» YOUR OBJECTIVE: Could you write out the lines below exactly, beginning with the first and finishing with the one that contains "by (metis card_gt_0_iff"?

Stored data entries:
lemma graph_edge_cases:
  assumes "graph V E" "e \<in> E" "z \<in> e" obtains y where "e = {z, y}" "y \<in> nbrs E z"
proof -
  obtain a b where "e = {a, b}" using assms(1,2) unfolding graph_def by (meson card_2_iff)
  then have "e = {z, if z = a then b else a}" using assms(3) by auto
  then show thesis using that assms(2) unfolding nbrs_def by simp
qed

lemma finite_nbrs:
  assumes g: "graph V E" shows "finite (nbrs E z)"
proof -
  have "nbrs E z \<subseteq> V" unfolding nbrs_def using graph_edgeD[OF g] by fastforce
  then show ?thesis using g unfolding graph_def by (auto intro: finite_subset)
qed

lemma deg_eq_card_nbrs:
  assumes g: "graph V E" shows "deg E z = card (nbrs E z)"
proof -
  have "bij_betw (\<lambda>y. {z, y}) (nbrs E z) {e \<in> E. z \<in> e}"
  proof (rule bij_betwI')
    fix x y assume "x \<in> nbrs E z" "y \<in> nbrs E z"
    then have "z \<noteq> x" "z \<noteq> y" using graph_edgeD[OF g] unfolding nbrs_def by auto
    then show "({z, x} = {z, y}) = (x = y)" by (auto simp: doubleton_eq_iff)
  next
    fix e assume "e \<in> {e \<in> E. z \<in> e}"
    then obtain y where "e = {z, y}" "y \<in> nbrs E z" using graph_edge_cases[OF g] by blast
    then show "\<exists>y \<in> nbrs E z. e = {z, y}" by blast
  qed (auto simp: nbrs_def)
  then show ?thesis unfolding deg_def by (simp add: bij_betw_same_card)
qed

lemma deg_pos: "graph V E \<Longrightarrow> {z, y} \<in> E \<Longrightarrow> 0 < deg E z"
  by (metis card_gt_0_iff deg_eq_card_nbrs empty_iff finite_nbrs mem_Collect_eq nbrs_def)

lemma deg2_nbrs_cases:
  assumes g: "graph V E" and d: "deg E x = 2" and "{x, a} \<in> E" "{x, b} \<in> E" "{x, c} \<in> E"
  shows "a = b \<or> a = c \<or> b = c"
proof (rule ccontr)
  assume "\<not> ?thesis"
  then have "card {a, b, c} = 3" by auto
  moreover have "{a, b, c} \<subseteq> nbrs E x" using assms unfolding nbrs_def by auto
  then have "card {a, b, c} \<le> card (nbrs E x)" by (rule card_mono[OF finite_nbrs[OF g]])
  ultimately have "3 \<le> card (nbrs E x)" by simp
  then show False using d deg_eq_card_nbrs[OF g] by simp
qed

lemma deg3_nbrsE:
  assumes g: "graph V E" and d: "deg E z = 3" and a: "a \<in> nbrs E z"
  obtains b c where "nbrs E z = {a, b, c}" "a \<noteq> b" "a \<noteq> c" "b \<noteq> c"
proof -
  have "card (nbrs E z - {a}) = 2"
    using d a finite_nbrs[OF g] deg_eq_card_nbrs[OF g] by (simp add: card_Diff_singleton)
  then obtain b c where bc: "nbrs E z - {a} = {b, c}" "b \<noteq> c" by (meson card_2_iff)
  then have "nbrs E z = {a, b, c}" using a by blast
  moreover have "a \<noteq> b" "a \<noteq> c" using bc by blast+
  ultimately show thesis using that bc(2) by blast
qed

lemma reach_refl [simp]: "reach E x x"
  unfolding reach_def by simp

lemma reach_edge: "{x, y} \<in> E \<Longrightarrow> reach E x y"
  unfolding reach_def by auto

lemma reach_trans: "reach E x y \<Longrightarrow> reach E y z \<Longrightarrow> reach E x z"
  unfolding reach_def by (rule rtranclp_trans)

lemma reach_sym: "reach E x y \<Longrightarrow> reach E y x"
  unfolding reach_def
  by (metis (no_types, lifting) insert_commute sympD sympI symp_rtranclp)

lemma reach_mono:
  assumes "reach E x y" "E \<subseteq> F" shows "reach F x y"
proof -
  have "(\<lambda>x y. {x, y} \<in> E) \<le> (\<lambda>x y. {x, y} \<in> F)" using assms(2) by auto
  then show ?thesis using assms(1) rtranclp_mono unfolding reach_def by blast
qed

lemma reach_doubleton: "reach F a b \<Longrightarrow> {a, b} = {x, y} \<Longrightarrow> reach F x y"
  by (auto simp: doubleton_eq_iff intro: reach_sym)

lemma reach_in_V:
  assumes g: "graph V E" and r: "reach E x y" and x: "x \<in> V"
  shows "y \<in> V"
  using r unfolding reach_def
proof (induction rule: rtranclp_induct)
  case (step y z)
  then show ?case using graph_edgeD[OF g step(2)] by simp
qed (rule x)

lemma reach_if_edges_reach:
  assumes "\<And>x y. {x, y} \<in> E \<Longrightarrow> reach F x y" "reach E x y"
  shows "reach F x y"
  using assms(2) unfolding reach_def[of E]
  by (induction rule: rtranclp_induct) (auto intro: reach_trans assms(1))

lemma reach_avoiding_neq:
  assumes "reach {e \<in> E. v \<notin> e} u t" "u \<noteq> v" shows "t \<noteq> v"
  using assms unfolding reach_def by (cases rule: rtranclp.cases) auto

lemma hd_last_conv_nth: "p \<noteq> [] \<Longrightarrow> hd p = p ! 0 \<and> last p = p ! (length p - 1)"
  by (simp add: hd_conv_nth last_conv_nth)

lemma reach_nth:
  assumes "\<forall>j. l \<le> j \<and> j < r \<longrightarrow> {p ! j, p ! Suc j} \<in> F" "l \<le> r"
  shows "reach F (p ! l) (p ! r)"
  using assms
proof (induction r)
  case (Suc r)
  then show ?case
    by (cases "l = Suc r") (auto intro: reach_trans[OF _ reach_edge])
qed simp

lemma walk_reach:
  assumes w: "walk E p" shows "reach E (hd p) (last p)"
proof -
  have "p \<noteq> []" using w unfolding walk_def by simp
  moreover have "reach E (p ! 0) (p ! (length p - 1))"
    by (rule reach_nth) (use w in \<open>auto simp: walk_def\<close>)
  ultimately show ?thesis by (simp add: hd_last_conv_nth)
qed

» SOLUTION FOR THIS PROBLEM:
lemma graph_edge_cases:
  assumes "graph V E" "e \<in> E" "z \<in> e" obtains y where "e = {z, y}" "y \<in> nbrs E z"
proof -
  obtain a b where "e = {a, b}" using assms(1,2) unfolding graph_def by (meson card_2_iff)
  then have "e = {z, if z = a then b else a}" using assms(3) by auto
  then show thesis using that assms(2) unfolding nbrs_def by simp
qed

lemma finite_nbrs:
  assumes g: "graph V E" shows "finite (nbrs E z)"
proof -
  have "nbrs E z \<subseteq> V" unfolding nbrs_def using graph_edgeD[OF g] by fastforce
  then show ?thesis using g unfolding graph_def by (auto intro: finite_subset)
qed

lemma deg_eq_card_nbrs:
  assumes g: "graph V E" shows "deg E z = card (nbrs E z)"
proof -
  have "bij_betw (\<lambda>y. {z, y}) (nbrs E z) {e \<in> E. z \<in> e}"
  proof (rule bij_betwI')
    fix x y assume "x \<in> nbrs E z" "y \<in> nbrs E z"
    then have "z \<noteq> x" "z \<noteq> y" using graph_edgeD[OF g] unfolding nbrs_def by auto
    then show "({z, x} = {z, y}) = (x = y)" by (auto simp: doubleton_eq_iff)
  next
    fix e assume "e \<in> {e \<in> E. z \<in> e}"
    then obtain y where "e = {z, y}" "y \<in> nbrs E z" using graph_edge_cases[OF g] by blast
    then show "\<exists>y \<in> nbrs E z. e = {z, y}" by blast
  qed (auto simp: nbrs_def)
  then show ?thesis unfolding deg_def by (simp add: bij_betw_same_card)
qed

lemma deg_pos: "graph V E \<Longrightarrow> {z, y} \<in> E \<Longrightarrow> 0 < deg E z"
  by (metis card_gt_0_iff deg_eq_card_nbrs empty_iff finite_nbrs mem_Collect_eq nbrs_def)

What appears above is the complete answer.